Set down exactly, from the records below, the line with "(* Variables: the" through the line with "M \<longleftrightarrow> (\<forall>t1\<in>M.", and nothing else.

════════

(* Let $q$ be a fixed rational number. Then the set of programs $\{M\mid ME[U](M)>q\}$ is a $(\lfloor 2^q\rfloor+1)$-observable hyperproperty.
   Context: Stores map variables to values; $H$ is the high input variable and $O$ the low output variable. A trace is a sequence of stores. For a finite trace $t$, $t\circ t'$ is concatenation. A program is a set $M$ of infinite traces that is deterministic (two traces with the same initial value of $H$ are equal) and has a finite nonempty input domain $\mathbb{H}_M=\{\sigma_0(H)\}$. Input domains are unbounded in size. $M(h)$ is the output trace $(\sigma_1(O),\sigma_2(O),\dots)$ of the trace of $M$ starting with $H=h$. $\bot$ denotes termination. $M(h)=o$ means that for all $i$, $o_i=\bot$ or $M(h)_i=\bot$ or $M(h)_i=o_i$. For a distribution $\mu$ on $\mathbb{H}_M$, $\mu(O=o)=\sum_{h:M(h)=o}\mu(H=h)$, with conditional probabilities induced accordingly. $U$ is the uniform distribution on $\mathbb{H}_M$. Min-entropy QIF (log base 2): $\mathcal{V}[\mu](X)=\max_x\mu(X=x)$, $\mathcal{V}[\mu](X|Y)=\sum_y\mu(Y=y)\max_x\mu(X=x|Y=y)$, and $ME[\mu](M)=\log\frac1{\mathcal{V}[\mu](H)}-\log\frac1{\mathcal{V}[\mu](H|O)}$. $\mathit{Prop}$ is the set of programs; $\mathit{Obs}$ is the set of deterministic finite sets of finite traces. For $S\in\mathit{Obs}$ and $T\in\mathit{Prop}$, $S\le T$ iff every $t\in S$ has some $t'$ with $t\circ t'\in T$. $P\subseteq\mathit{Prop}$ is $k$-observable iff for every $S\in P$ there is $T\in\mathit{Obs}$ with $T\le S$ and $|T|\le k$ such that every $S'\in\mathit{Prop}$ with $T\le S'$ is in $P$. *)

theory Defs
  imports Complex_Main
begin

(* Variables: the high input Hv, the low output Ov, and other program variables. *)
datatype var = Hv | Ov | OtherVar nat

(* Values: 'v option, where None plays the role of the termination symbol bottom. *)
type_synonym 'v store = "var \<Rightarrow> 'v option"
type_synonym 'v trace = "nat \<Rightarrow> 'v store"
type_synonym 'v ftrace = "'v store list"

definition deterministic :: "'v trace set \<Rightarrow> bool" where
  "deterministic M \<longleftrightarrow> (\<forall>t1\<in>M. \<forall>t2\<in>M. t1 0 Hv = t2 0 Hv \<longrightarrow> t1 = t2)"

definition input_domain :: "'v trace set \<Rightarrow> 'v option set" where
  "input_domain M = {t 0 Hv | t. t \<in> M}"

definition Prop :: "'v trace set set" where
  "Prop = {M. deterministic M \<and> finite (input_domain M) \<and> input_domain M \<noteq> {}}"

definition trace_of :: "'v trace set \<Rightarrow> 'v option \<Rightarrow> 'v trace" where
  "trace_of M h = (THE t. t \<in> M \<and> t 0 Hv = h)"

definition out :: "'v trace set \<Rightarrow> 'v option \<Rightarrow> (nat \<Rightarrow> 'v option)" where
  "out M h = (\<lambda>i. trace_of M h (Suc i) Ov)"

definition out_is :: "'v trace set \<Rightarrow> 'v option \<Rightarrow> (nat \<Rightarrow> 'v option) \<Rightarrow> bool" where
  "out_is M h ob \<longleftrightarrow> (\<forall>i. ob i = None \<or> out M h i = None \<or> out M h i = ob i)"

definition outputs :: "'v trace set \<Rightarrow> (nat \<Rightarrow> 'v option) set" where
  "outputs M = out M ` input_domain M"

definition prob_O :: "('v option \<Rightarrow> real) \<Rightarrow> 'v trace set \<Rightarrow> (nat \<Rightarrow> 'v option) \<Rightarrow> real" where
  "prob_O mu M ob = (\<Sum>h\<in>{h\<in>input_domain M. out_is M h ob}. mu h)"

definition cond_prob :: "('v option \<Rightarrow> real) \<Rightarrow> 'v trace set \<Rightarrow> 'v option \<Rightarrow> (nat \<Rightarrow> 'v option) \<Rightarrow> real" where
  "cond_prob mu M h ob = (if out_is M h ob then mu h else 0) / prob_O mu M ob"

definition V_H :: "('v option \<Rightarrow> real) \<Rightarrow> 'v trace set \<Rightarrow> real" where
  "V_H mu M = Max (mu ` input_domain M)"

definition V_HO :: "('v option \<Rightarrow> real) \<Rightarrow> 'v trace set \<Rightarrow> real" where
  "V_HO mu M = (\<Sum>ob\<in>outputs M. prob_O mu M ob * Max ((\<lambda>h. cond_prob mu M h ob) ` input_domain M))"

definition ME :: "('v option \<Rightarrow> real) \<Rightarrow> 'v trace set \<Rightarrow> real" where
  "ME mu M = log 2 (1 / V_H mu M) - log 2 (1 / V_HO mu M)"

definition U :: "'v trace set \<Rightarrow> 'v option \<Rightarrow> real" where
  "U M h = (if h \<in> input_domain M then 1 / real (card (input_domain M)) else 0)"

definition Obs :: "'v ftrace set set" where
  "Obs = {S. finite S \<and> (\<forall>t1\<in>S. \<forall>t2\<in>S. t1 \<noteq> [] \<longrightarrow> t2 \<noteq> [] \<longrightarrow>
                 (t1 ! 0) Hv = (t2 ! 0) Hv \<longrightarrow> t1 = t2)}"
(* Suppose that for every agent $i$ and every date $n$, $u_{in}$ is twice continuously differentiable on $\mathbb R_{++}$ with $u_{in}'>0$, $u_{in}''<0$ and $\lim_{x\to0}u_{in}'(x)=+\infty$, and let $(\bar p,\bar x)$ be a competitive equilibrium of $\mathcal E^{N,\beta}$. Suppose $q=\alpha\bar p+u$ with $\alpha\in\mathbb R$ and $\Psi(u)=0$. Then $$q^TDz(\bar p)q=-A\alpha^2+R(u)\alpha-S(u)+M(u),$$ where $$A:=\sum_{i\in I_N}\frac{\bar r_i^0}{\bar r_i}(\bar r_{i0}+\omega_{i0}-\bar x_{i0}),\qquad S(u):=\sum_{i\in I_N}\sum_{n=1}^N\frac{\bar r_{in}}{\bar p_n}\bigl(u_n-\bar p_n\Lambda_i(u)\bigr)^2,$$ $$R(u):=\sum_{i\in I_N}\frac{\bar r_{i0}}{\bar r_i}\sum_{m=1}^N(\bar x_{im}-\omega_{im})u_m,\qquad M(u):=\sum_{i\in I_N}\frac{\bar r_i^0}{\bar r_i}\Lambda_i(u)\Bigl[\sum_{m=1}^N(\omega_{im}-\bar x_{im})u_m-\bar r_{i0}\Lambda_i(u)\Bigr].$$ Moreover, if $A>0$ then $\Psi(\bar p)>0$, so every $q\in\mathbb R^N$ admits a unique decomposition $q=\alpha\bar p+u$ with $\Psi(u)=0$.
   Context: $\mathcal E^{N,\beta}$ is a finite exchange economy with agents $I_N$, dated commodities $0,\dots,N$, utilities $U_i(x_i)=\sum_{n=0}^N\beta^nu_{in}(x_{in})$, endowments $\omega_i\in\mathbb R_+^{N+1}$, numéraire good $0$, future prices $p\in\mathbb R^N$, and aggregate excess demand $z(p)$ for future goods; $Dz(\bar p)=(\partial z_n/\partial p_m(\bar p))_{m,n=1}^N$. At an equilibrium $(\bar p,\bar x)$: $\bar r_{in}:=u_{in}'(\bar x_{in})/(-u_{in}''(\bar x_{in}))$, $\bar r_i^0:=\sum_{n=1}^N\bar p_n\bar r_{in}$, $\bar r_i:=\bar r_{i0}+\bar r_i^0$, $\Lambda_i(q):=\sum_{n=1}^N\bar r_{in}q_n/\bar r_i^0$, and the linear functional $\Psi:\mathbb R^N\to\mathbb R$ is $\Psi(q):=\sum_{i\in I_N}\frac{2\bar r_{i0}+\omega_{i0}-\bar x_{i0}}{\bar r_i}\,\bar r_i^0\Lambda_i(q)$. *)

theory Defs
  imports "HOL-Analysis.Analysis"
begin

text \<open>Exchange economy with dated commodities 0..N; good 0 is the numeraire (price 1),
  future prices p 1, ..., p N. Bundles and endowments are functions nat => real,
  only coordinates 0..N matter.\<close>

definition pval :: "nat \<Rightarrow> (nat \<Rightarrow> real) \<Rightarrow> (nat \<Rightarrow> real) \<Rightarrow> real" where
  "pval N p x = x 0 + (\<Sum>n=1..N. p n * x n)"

════════

Solution to this problem =
(* Variables: the high input Hv, the low output Ov, and other program variables. *)
datatype var = Hv | Ov | OtherVar nat

(* Values: 'v option, where None plays the role of the termination symbol bottom. *)
type_synonym 'v store = "var \<Rightarrow> 'v option"
type_synonym 'v trace = "nat \<Rightarrow> 'v store"
type_synonym 'v ftrace = "'v store list"

definition deterministic :: "'v trace set \<Rightarrow> bool" where
  "deterministic M \<longleftrightarrow> (\<forall>t1\<in>M. \<forall>t2\<in>M. t1 0 Hv = t2 0 Hv \<longrightarrow> t1 = t2)"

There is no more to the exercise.